■ **Assignment**
Below are records; please set down exactly the lines from the first through the one containing "(simp add: mv_cscale".

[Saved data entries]
lemma cmod_cinner_mv_le_num_radius: "cmod (cinner y (A *v y)) \<le> num_radius A * (norm y)\<^sup>2"
proof (cases "y = 0")
  case False
  then obtain u where u: "norm u = 1" and y: "y = cscale (of_real (norm y)) u"
    by (rule obtain_unit_vector)
  have "cmod (cinner y (A *v y)) = (norm y)\<^sup>2 * cmod (cinner u (A *v u))"
    by (subst (1 2) y)
      (simp add: mv_cscale cinner_cscale_left cinner_cscale_right norm_mult power2_eq_square)
  also have "\<dots> \<le> (norm y)\<^sup>2 * num_radius A"
    using num_radius_upper[OF u] by (simp add: mult_left_mono)
  finally show ?thesis by (simp add: mult.commute)
qed simp

lemma num_radius_msmult_le: "num_radius (msmult c A) \<le> cmod c * num_radius A"
proof (rule num_radius_least)
  fix x :: "complex^'a" assume "norm x = 1"
  then show "cmod (cinner x (msmult c A *v x)) \<le> cmod c * num_radius A"
    by (simp add: msmult_mv cinner_cscale_right norm_mult mult_left_mono num_radius_upper)
qed

section \<open>Spectral theorem for normal matrices\<close>

lemma exists_unit_orthogonal:
  fixes S :: "(complex^'n::finite) set"
  assumes fin: "finite S" and card: "card S < CARD('n)"
  shows "\<exists>x. norm x = 1 \<and> (\<forall>v\<in>S. cinner v x = 0)"
proof -
  text \<open>\<open>cinner v x = 0\<close> is real orthogonality to both \<open>v\<close> and \<open>\<i> v\<close>, and
    \<open>complex^'n\<close> has real dimension \<open>2n\<close>.\<close>
  define T where "T = S \<union> cscale \<i> ` S"
  have "card T \<le> 2 * card S"
    unfolding T_def using card_Un_le[of S "cscale \<i> ` S"] card_image_le[OF fin, of "cscale \<i>"] by simp
  then have "dim T < DIM(complex^'n)"
    using dim_le_card'[of T] fin card by (simp add: T_def)
  then obtain x :: "complex^'n" where "x \<noteq> 0" and orth: "\<And>y. y \<in> span T \<Longrightarrow> orthogonal x y"
    using orthogonal_to_subspace_exists by blast
  have orth_x: "cinner v x = 0" if v: "v \<in> S" for v
  proof -
    have "v \<in> span T" "cscale \<i> v \<in> span T" using v by (auto simp: T_def intro: span_base)
    then have "Re (cinner v x) = 0" "Re (cinner (cscale \<i> v) x) = 0"
      using orth by (metis orthogonal_def inner_commute Re_cinner)+
    then show ?thesis by (simp add: cinner_cscale_left complex_eq_iff)
  qed
  define u where "u = cscale (of_real (1 / norm x)) x"
  have "norm u = 1" using \<open>x \<noteq> 0\<close> by (simp add: u_def norm_cscale norm_divide)
  moreover have "\<forall>v\<in>S. cinner v u = 0" by (simp add: u_def cinner_cscale_right orth_x)
  ultimately show ?thesis by blast
qed
lemma represented_on_cspan:
  assumes "represented_on pact S f" "finite S"
  shows "\<exists>g\<in>cspan (basis_vec ` S). qeq pact f g"
proof -
  obtain g where g: "supp g \<subseteq> S" "qeq pact f g"
    using assms(1) by (meson represented_onE)
  have "(\<lambda>z. \<Sum>u\<in>basis_vec ` S. g (inv basis_vec u) * u z) = (\<lambda>z. \<Sum>v\<in>S. g v * basis_vec v z)"
    by (simp add: sum.reindex[OF inj_on_subset[OF inj_basis_vec subset_UNIV]] inv_f_f[OF inj_basis_vec])
  then have "g \<in> cspan (basis_vec ` S)"
    unfolding cspan_def using basis_vec_expansion[OF assms(2) g(1)]
    by (intro CollectI exI[of _ "\<lambda>u. g (inv basis_vec u)"]) simp
  then show ?thesis
    using g(2) by blast
qed

lemma represented_on_empty:
  assumes "represented_on pact {} f"
  shows "f \<in> rel pact"
proof -
  obtain g where "supp g \<subseteq> {}" "qeq pact f g"
    using assms by (meson represented_onE)
  moreover from this(1) have "g = (\<lambda>z. 0)"
    by (auto simp: supp_def)
  ultimately show ?thesis
    by (simp add: qeq_def)
qed

lemma qeq_eigenvector_shift:
  assumes eigen: "\<And>v. qeq pact (act_lc L (basis_vec v)) (\<lambda>z. e v * basis_vec v z)"
    and g: "fin_supp g" "qeq pact f g" and f: "qeq pact (act_lc L f) (\<lambda>z. \<mu> * f z)"
  shows "qeq pact (\<lambda>z. act_lc L f z - a * f z) (\<lambda>v. (e v - a) * g v)"
    and "qeq pact (act_lc L (\<lambda>z. act_lc L f z - a * f z)) (\<lambda>z. \<mu> * (act_lc L f z - a * f z))"
proof -
  have "qeq pact (act_lc L f) (\<lambda>v. e v * g v)"
    using qeq_trans[OF qeq_act_lc[OF g(2)] qeq_act_lc_diagonal[OF eigen g(1)]] .
  then show "qeq pact (\<lambda>z. act_lc L f z - a * f z) (\<lambda>v. (e v - a) * g v)"
    using qeq_diff[OF _ qeq_scale[OF g(2), of a]] by (simp add: algebra_simps)
  have "qeq pact (act_lc L (\<lambda>z. act_lc L f z - a * f z)) (\<lambda>z. \<mu> * act_lc L f z - a * (\<mu> * f z))"
    unfolding act_lc_diff act_lc_scale
    by (rule qeq_diff[OF qeq_act_lc[OF f] qeq_scale[OF f], simplified act_lc_scale])
  then show "qeq pact (act_lc L (\<lambda>z. act_lc L f z - a * f z)) (\<lambda>z. \<mu> * (act_lc L f z - a * f z))"
    by (simp add: algebra_simps)
qed

text \<open>
  Induction on the number of unwanted eigenvalues: applying \<open>L - a\<close> for one of them kills
  that component and multiplies \<open>f\<close> by the nonzero scalar \<open>\<mu> - a\<close>.
\<close>

lemma qeq_eigenprojection:
  assumes eigen: "\<And>v. qeq pact (act_lc L (basis_vec v)) (\<lambda>z. e v * basis_vec v z)"
    and "fin_supp g" "qeq pact f g" "qeq pact (act_lc L f) (\<lambda>z. \<mu> * f z)"
  shows "qeq pact f (\<lambda>v. if e v = \<mu> then g v else 0)"
  using assms(2-)
proof (induct "card (e ` supp g - {\<mu>})" arbitrary: f g rule: less_induct)
  case less
  have fin: "finite (supp g)"
    using less.prems(1) by (simp add: fin_supp_iff_finite_supp)
  show ?case
  proof (cases "e ` supp g - {\<mu>} = {}")
    case True
    then have "(\<lambda>v. if e v = \<mu> then g v else 0) = g"
      by (auto simp: fun_eq_iff supp_def)
    then show ?thesis using less.prems(2) by simp
  next
    case False
    then obtain a where a: "a \<in> e ` supp g" "a \<noteq> \<mu>" by auto
    define f' where "f' = (\<lambda>z. act_lc L f z - a * f z)"
    define g' where "g' = (\<lambda>v. (e v - a) * g v)"
    have f'_g': "qeq pact f' g'" and f'_eigen: "qeq pact (act_lc L f') (\<lambda>z. \<mu> * f' z)"
      using qeq_eigenvector_shift[OF eigen less.prems, of a] by (simp_all add: f'_def g'_def)
    have "supp g' \<subseteq> supp g"
      by (auto simp: supp_def g'_def)
    then have fin_supp': "fin_supp g'"
      using fin finite_subset by (auto simp: fin_supp_iff_finite_supp)
    have fin_eigenvalues: "finite (e ` supp g - {\<mu>})"
      using fin by simp
    have "e ` supp g' - {\<mu>} \<subseteq> (e ` supp g - {\<mu>}) - {a}"
      by (auto simp: supp_def g'_def)
    then have "card (e ` supp g' - {\<mu>}) \<le> card ((e ` supp g - {\<mu>}) - {a})"
      using fin_eigenvalues by (intro card_mono) auto
    also have "\<dots> < card (e ` supp g - {\<mu>})"
      using a fin_eigenvalues by (intro card_Diff1_less) auto
    finally have fewer: "card (e ` supp g' - {\<mu>}) < card (e ` supp g - {\<mu>})" .
    have "(\<lambda>v. if e v = \<mu> then g' v else 0) = (\<lambda>z. (\<mu> - a) * (if e z = \<mu> then g z else 0))"
      by (auto simp: g'_def fun_eq_iff)
    then have "qeq pact f' (\<lambda>z. (\<mu> - a) * (if e z = \<mu> then g z else 0))"
      using less.hyps[OF fewer fin_supp' f'_g' f'_eigen] by simp
    moreover have "qeq pact (\<lambda>z. (\<mu> - a) * f z) f'"
      using qeq_sym[OF qeq_diff[OF less.prems(3) qeq_refl[of pact "\<lambda>z. a * f z"]]]
      by (simp add: f'_def algebra_simps)
    ultimately have "qeq pact (\<lambda>z. (\<mu> - a) * f z) (\<lambda>z. (\<mu> - a) * (if e z = \<mu> then g z else 0))"
      by (rule qeq_trans[rotated])
    then show ?thesis
      by (rule qeq_cancel_scalar[rotated]) (use a(2) in simp)
  qed
qed

lemma represented_on_eigenspace:
  assumes eigen: "\<And>v. qeq pact (act_lc L (basis_vec v)) (\<lambda>z. e v * basis_vec v z)"
    and "represented_on pact A f" "qeq pact (act_lc L f) (\<lambda>z. \<mu> * f z)"
  shows "represented_on pact {v \<in> A. e v = \<mu>} f"
proof -
  obtain g where g: "finite (supp g)" "supp g \<subseteq> A" "qeq pact f g"
    using assms(2) by (meson represented_onE)
  let ?g\<^sub>\<mu> = "\<lambda>v. if e v = \<mu> then g v else 0"
  have sub: "supp ?g\<^sub>\<mu> \<subseteq> {v \<in> supp g. e v = \<mu>}"
    by (auto simp: supp_def)
  show ?thesis
  proof (rule represented_onI)
    show "fin_supp ?g\<^sub>\<mu>"
      using finite_subset[OF sub] g(1) by (simp add: fin_supp_iff_finite_supp)
    show "supp ?g\<^sub>\<mu> \<subseteq> {v \<in> A. e v = \<mu>}"
      using sub g(2) by blast
    show "qeq pact f ?g\<^sub>\<mu>"
      using g(1) by (intro qeq_eigenprojection[OF eigen _ g(3) assms(3)]) (simp add: fin_supp_iff_finite_supp)
  qed
qed

section \<open>Weights and creation words\<close>

fun gen_weight :: "gen \<Rightarrow> int \<times> int" where
  "gen_weight (Jp n) = (n, 2)"
| "gen_weight (Jm n) = (n, -2)"
| "gen_weight (J0 n) = (n, 0)"
| "gen_weight Kc = 0"
| "gen_weight Dd = 0"

definition weight :: "('b \<Rightarrow> int) \<Rightarrow> gen list \<times> 'b \<Rightarrow> int \<times> int" where
  "weight qb v = sum_list (map gen_weight (fst v)) + (0, qb (snd v))"

lemma weight_Cons: "weight qb (g # w, b) = gen_weight g + weight qb (w, b)"
  by (simp add: weight_def add.assoc)

lemma gen_weight_br: "(c, h) \<in> set (br x y) \<Longrightarrow> gen_weight h = gen_weight x + gen_weight y"
  by (cases x; cases y) (auto simp: zero_prod_def split: if_splits)

definition creation_words :: "(gen list \<times> 'b) set" where
  "creation_words = {v. \<forall>g\<in>set (fst v). \<not> in_p g}"

lemma creation_word_weight_bounds:
  assumes "\<forall>g\<in>set w. \<not> in_p g"
  shows "fst (sum_list (map gen_weight w)) \<le> - int (length w)
    \<and> (\<forall>g\<in>set w. fst (sum_list (map gen_weight w)) \<le> fst (gen_weight g))
    \<and> \<bar>snd (sum_list (map gen_weight w))\<bar> \<le> 2 * int (length w)"
  using assms
proof (induct w)
  case Nil
  then show ?case by simp
next
  case (Cons g w)
  have "fst (gen_weight g) \<le> -1" "\<bar>snd (gen_weight g)\<bar> \<le> 2"
    using Cons.prems by (cases g; simp)+
  then show ?case using Cons by auto
qed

■ **The answer**
lemma cmod_cinner_mv_le_num_radius: "cmod (cinner y (A *v y)) \<le> num_radius A * (norm y)\<^sup>2"
proof (cases "y = 0")
  case False
  then obtain u where u: "norm u = 1" and y: "y = cscale (of_real (norm y)) u"
    by (rule obtain_unit_vector)
  have "cmod (cinner y (A *v y)) = (norm y)\<^sup>2 * cmod (cinner u (A *v u))"
    by (subst (1 2) y)
      (simp add: mv_cscale cinner_cscale_left cinner_cscale_right norm_mult power2_eq_square)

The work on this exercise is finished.